## Task
Restate the records in their entirety, word for word.
▼▼▼
text \<open>If a common tangent leaves a circle of radius \<open>R\<close> turning in direction \<open>s\<close> and joins a
circle turning in direction \<open>s'\<close>, the centres differ by \<open>D = (l + \<i>\<kappa>) cis \<theta>\<close>, where
\<open>\<kappa> = (s' - s) R\<close>, \<open>l\<close> is the length of the tangent and \<open>\<theta>\<close> its heading. The functions below
recover \<open>l\<close> and \<open>\<theta>\<close> from \<open>D\<close>, the heading measured relative to a reference direction \<open>w\<close>.\<close>

definition tangent_length :: "real \<Rightarrow> complex \<Rightarrow> real" where
  "tangent_length \<kappa> D = sqrt ((cmod D)^2 - \<kappa>^2)"

definition tangent_ratio :: "real \<Rightarrow> complex \<Rightarrow> complex \<Rightarrow> complex" where
  "tangent_ratio \<kappa> w D = D / ((of_real (tangent_length \<kappa> D) + \<i> * of_real \<kappa>) * w)"

definition tangent_turn :: "real \<Rightarrow> complex \<Rightarrow> complex \<Rightarrow> real" where
  "tangent_turn \<kappa> w D = arctan (Im (tangent_ratio \<kappa> w D) / Re (tangent_ratio \<kappa> w D))"

lemma tangent_length_pos: "\<kappa>^2 < (cmod D)^2 \<Longrightarrow> 0 < tangent_length \<kappa> D"
  by (simp add: tangent_length_def)

lemma tangent_decomposition:
  assumes "\<kappa>^2 < (cmod D)^2" "cmod w = 1" "0 < Re (tangent_ratio \<kappa> w D)"
  shows "D = (of_real (tangent_length \<kappa> D) + \<i> * of_real \<kappa>) * (w * cis (tangent_turn \<kappa> w D))"
proof -
  define l where "l = tangent_length \<kappa> D"
  have l: "0 < l" "l^2 + \<kappa>^2 = (cmod D)^2"
    using assms(1) tangent_length_pos[OF assms(1)] by (simp_all add: l_def tangent_length_def)
  hence nz0: "of_real l + \<i> * of_real \<kappa> \<noteq> 0" by (simp add: complex_eq_iff)
  hence nz: "(of_real l + \<i> * of_real \<kappa>) * w \<noteq> 0" using assms(2) by auto
  have "cmod D = cmod (of_real l + \<i> * of_real \<kappa>)" using l(2) by (simp add: cmod_def)
  hence "cmod (tangent_ratio \<kappa> w D) = 1"
    using nz0 assms(2) by (simp add: tangent_ratio_def l_def[symmetric] norm_divide norm_mult)
  hence "cis (tangent_turn \<kappa> w D) = tangent_ratio \<kappa> w D"
    unfolding tangent_turn_def using assms(3) by (rule cis_arctan_Im_over_Re)
  thus ?thesis using nz by (simp add: tangent_ratio_def l_def[symmetric] mult.assoc[symmetric])
qed

lemma tangent_at_reference:
  fixes \<kappa> :: real
  assumes "0 < l" "cmod w = 1"
  defines "D \<equiv> (of_real l + \<i> * of_real \<kappa>) * w"
  shows "tangent_length \<kappa> D = l" "tangent_ratio \<kappa> w D = 1" "tangent_turn \<kappa> w D = 0"
proof -
  have "cmod D = cmod (of_real l + \<i> * of_real \<kappa>)" using assms(2) by (simp add: D_def norm_mult)
  hence "(cmod D)^2 = l^2 + \<kappa>^2" by (simp add: cmod_power2)
  thus l: "tangent_length \<kappa> D = l" using assms(1) by (simp add: tangent_length_def)
  have "of_real l + \<i> * of_real \<kappa> \<noteq> 0" using assms(1) by (simp add: complex_eq_iff)
  hence "D \<noteq> 0" using assms(2) by (auto simp: D_def)
  thus "tangent_ratio \<kappa> w D = 1" by (simp add: tangent_ratio_def l D_def[symmetric])
  thus "tangent_turn \<kappa> w D = 0" by (simp add: tangent_turn_def)
qed

lemma tangent_continuous:
  assumes "isCont D 0" "D 0 = (of_real l + \<i> * of_real \<kappa>) * w" "0 < l" "cmod w = 1"
  shows "isCont (\<lambda>e. tangent_length \<kappa> (D e)) 0" "isCont (\<lambda>e. tangent_ratio \<kappa> w (D e)) 0"
    "isCont (\<lambda>e. tangent_turn \<kappa> w (D e)) 0"
proof -
  note at0 = tangent_at_reference[OF assms(3,4), of \<kappa>, folded assms(2)]
  show len: "isCont (\<lambda>e. tangent_length \<kappa> (D e)) 0"
    unfolding tangent_length_def by (intro continuous_intros assms(1))
  have "of_real (tangent_length \<kappa> (D 0)) + \<i> * of_real \<kappa> \<noteq> 0"
    using assms(3) by (simp add: at0 complex_eq_iff)
  hence "(of_real (tangent_length \<kappa> (D 0)) + \<i> * of_real \<kappa>) * w \<noteq> 0"
    using assms(4) by auto
  thus ratio: "isCont (\<lambda>e. tangent_ratio \<kappa> w (D e)) 0"
    unfolding tangent_ratio_def by (intro continuous_intros assms(1) len)
  show "isCont (\<lambda>e. tangent_turn \<kappa> w (D e)) 0"
    unfolding tangent_turn_def by (intro continuous_intros isCont_Re isCont_Im ratio) (simp add: at0)
qed

lemma arctan_divide_has_real_derivative:
  assumes "(N has_real_derivative N') (at x)" "(M has_real_derivative M') (at x)" "N x = 0" "M x \<noteq> 0"
  shows "((\<lambda>e. arctan (N e / M e)) has_real_derivative N' / M x) (at x)"
  by (rule DERIV_cong[OF DERIV_chain2[OF DERIV_arctan DERIV_divide[OF assms(1,2)]]])
    (use assms(3,4) in \<open>auto simp: field_simps\<close>)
▲▲▲
## Solution for this problem
text \<open>If a common tangent leaves a circle of radius \<open>R\<close> turning in direction \<open>s\<close> and joins a
circle turning in direction \<open>s'\<close>, the centres differ by \<open>D = (l + \<i>\<kappa>) cis \<theta>\<close>, where
\<open>\<kappa> = (s' - s) R\<close>, \<open>l\<close> is the length of the tangent and \<open>\<theta>\<close> its heading. The functions below
recover \<open>l\<close> and \<open>\<theta>\<close> from \<open>D\<close>, the heading measured relative to a reference direction \<open>w\<close>.\<close>

definition tangent_length :: "real \<Rightarrow> complex \<Rightarrow> real" where
  "tangent_length \<kappa> D = sqrt ((cmod D)^2 - \<kappa>^2)"

definition tangent_ratio :: "real \<Rightarrow> complex \<Rightarrow> complex \<Rightarrow> complex" where
  "tangent_ratio \<kappa> w D = D / ((of_real (tangent_length \<kappa> D) + \<i> * of_real \<kappa>) * w)"

definition tangent_turn :: "real \<Rightarrow> complex \<Rightarrow> complex \<Rightarrow> real" where
  "tangent_turn \<kappa> w D = arctan (Im (tangent_ratio \<kappa> w D) / Re (tangent_ratio \<kappa> w D))"

lemma tangent_length_pos: "\<kappa>^2 < (cmod D)^2 \<Longrightarrow> 0 < tangent_length \<kappa> D"
  by (simp add: tangent_length_def)

lemma tangent_decomposition:
  assumes "\<kappa>^2 < (cmod D)^2" "cmod w = 1" "0 < Re (tangent_ratio \<kappa> w D)"
  shows "D = (of_real (tangent_length \<kappa> D) + \<i> * of_real \<kappa>) * (w * cis (tangent_turn \<kappa> w D))"
proof -
  define l where "l = tangent_length \<kappa> D"
  have l: "0 < l" "l^2 + \<kappa>^2 = (cmod D)^2"
    using assms(1) tangent_length_pos[OF assms(1)] by (simp_all add: l_def tangent_length_def)
  hence nz0: "of_real l + \<i> * of_real \<kappa> \<noteq> 0" by (simp add: complex_eq_iff)
  hence nz: "(of_real l + \<i> * of_real \<kappa>) * w \<noteq> 0" using assms(2) by auto
  have "cmod D = cmod (of_real l + \<i> * of_real \<kappa>)" using l(2) by (simp add: cmod_def)
  hence "cmod (tangent_ratio \<kappa> w D) = 1"
    using nz0 assms(2) by (simp add: tangent_ratio_def l_def[symmetric] norm_divide norm_mult)
  hence "cis (tangent_turn \<kappa> w D) = tangent_ratio \<kappa> w D"
    unfolding tangent_turn_def using assms(3) by (rule cis_arctan_Im_over_Re)
  thus ?thesis using nz by (simp add: tangent_ratio_def l_def[symmetric] mult.assoc[symmetric])
qed

lemma tangent_at_reference:
  fixes \<kappa> :: real
  assumes "0 < l" "cmod w = 1"
  defines "D \<equiv> (of_real l + \<i> * of_real \<kappa>) * w"
  shows "tangent_length \<kappa> D = l" "tangent_ratio \<kappa> w D = 1" "tangent_turn \<kappa> w D = 0"
proof -
  have "cmod D = cmod (of_real l + \<i> * of_real \<kappa>)" using assms(2) by (simp add: D_def norm_mult)
  hence "(cmod D)^2 = l^2 + \<kappa>^2" by (simp add: cmod_power2)
  thus l: "tangent_length \<kappa> D = l" using assms(1) by (simp add: tangent_length_def)
  have "of_real l + \<i> * of_real \<kappa> \<noteq> 0" using assms(1) by (simp add: complex_eq_iff)
  hence "D \<noteq> 0" using assms(2) by (auto simp: D_def)
  thus "tangent_ratio \<kappa> w D = 1" by (simp add: tangent_ratio_def l D_def[symmetric])
  thus "tangent_turn \<kappa> w D = 0" by (simp add: tangent_turn_def)
qed

lemma tangent_continuous:
  assumes "isCont D 0" "D 0 = (of_real l + \<i> * of_real \<kappa>) * w" "0 < l" "cmod w = 1"
  shows "isCont (\<lambda>e. tangent_length \<kappa> (D e)) 0" "isCont (\<lambda>e. tangent_ratio \<kappa> w (D e)) 0"
    "isCont (\<lambda>e. tangent_turn \<kappa> w (D e)) 0"
proof -
  note at0 = tangent_at_reference[OF assms(3,4), of \<kappa>, folded assms(2)]
  show len: "isCont (\<lambda>e. tangent_length \<kappa> (D e)) 0"
    unfolding tangent_length_def by (intro continuous_intros assms(1))
  have "of_real (tangent_length \<kappa> (D 0)) + \<i> * of_real \<kappa> \<noteq> 0"
    using assms(3) by (simp add: at0 complex_eq_iff)
  hence "(of_real (tangent_length \<kappa> (D 0)) + \<i> * of_real \<kappa>) * w \<noteq> 0"
    using assms(4) by auto
  thus ratio: "isCont (\<lambda>e. tangent_ratio \<kappa> w (D e)) 0"
    unfolding tangent_ratio_def by (intro continuous_intros assms(1) len)
  show "isCont (\<lambda>e. tangent_turn \<kappa> w (D e)) 0"
    unfolding tangent_turn_def by (intro continuous_intros isCont_Re isCont_Im ratio) (simp add: at0)
qed

lemma arctan_divide_has_real_derivative:
  assumes "(N has_real_derivative N') (at x)" "(M has_real_derivative M') (at x)" "N x = 0" "M x \<noteq> 0"
  shows "((\<lambda>e. arctan (N e / M e)) has_real_derivative N' / M x) (at x)"
  by (rule DERIV_cong[OF DERIV_chain2[OF DERIV_arctan DERIV_divide[OF assms(1,2)]]])
    (use assms(3,4) in \<open>auto simp: field_simps\<close>)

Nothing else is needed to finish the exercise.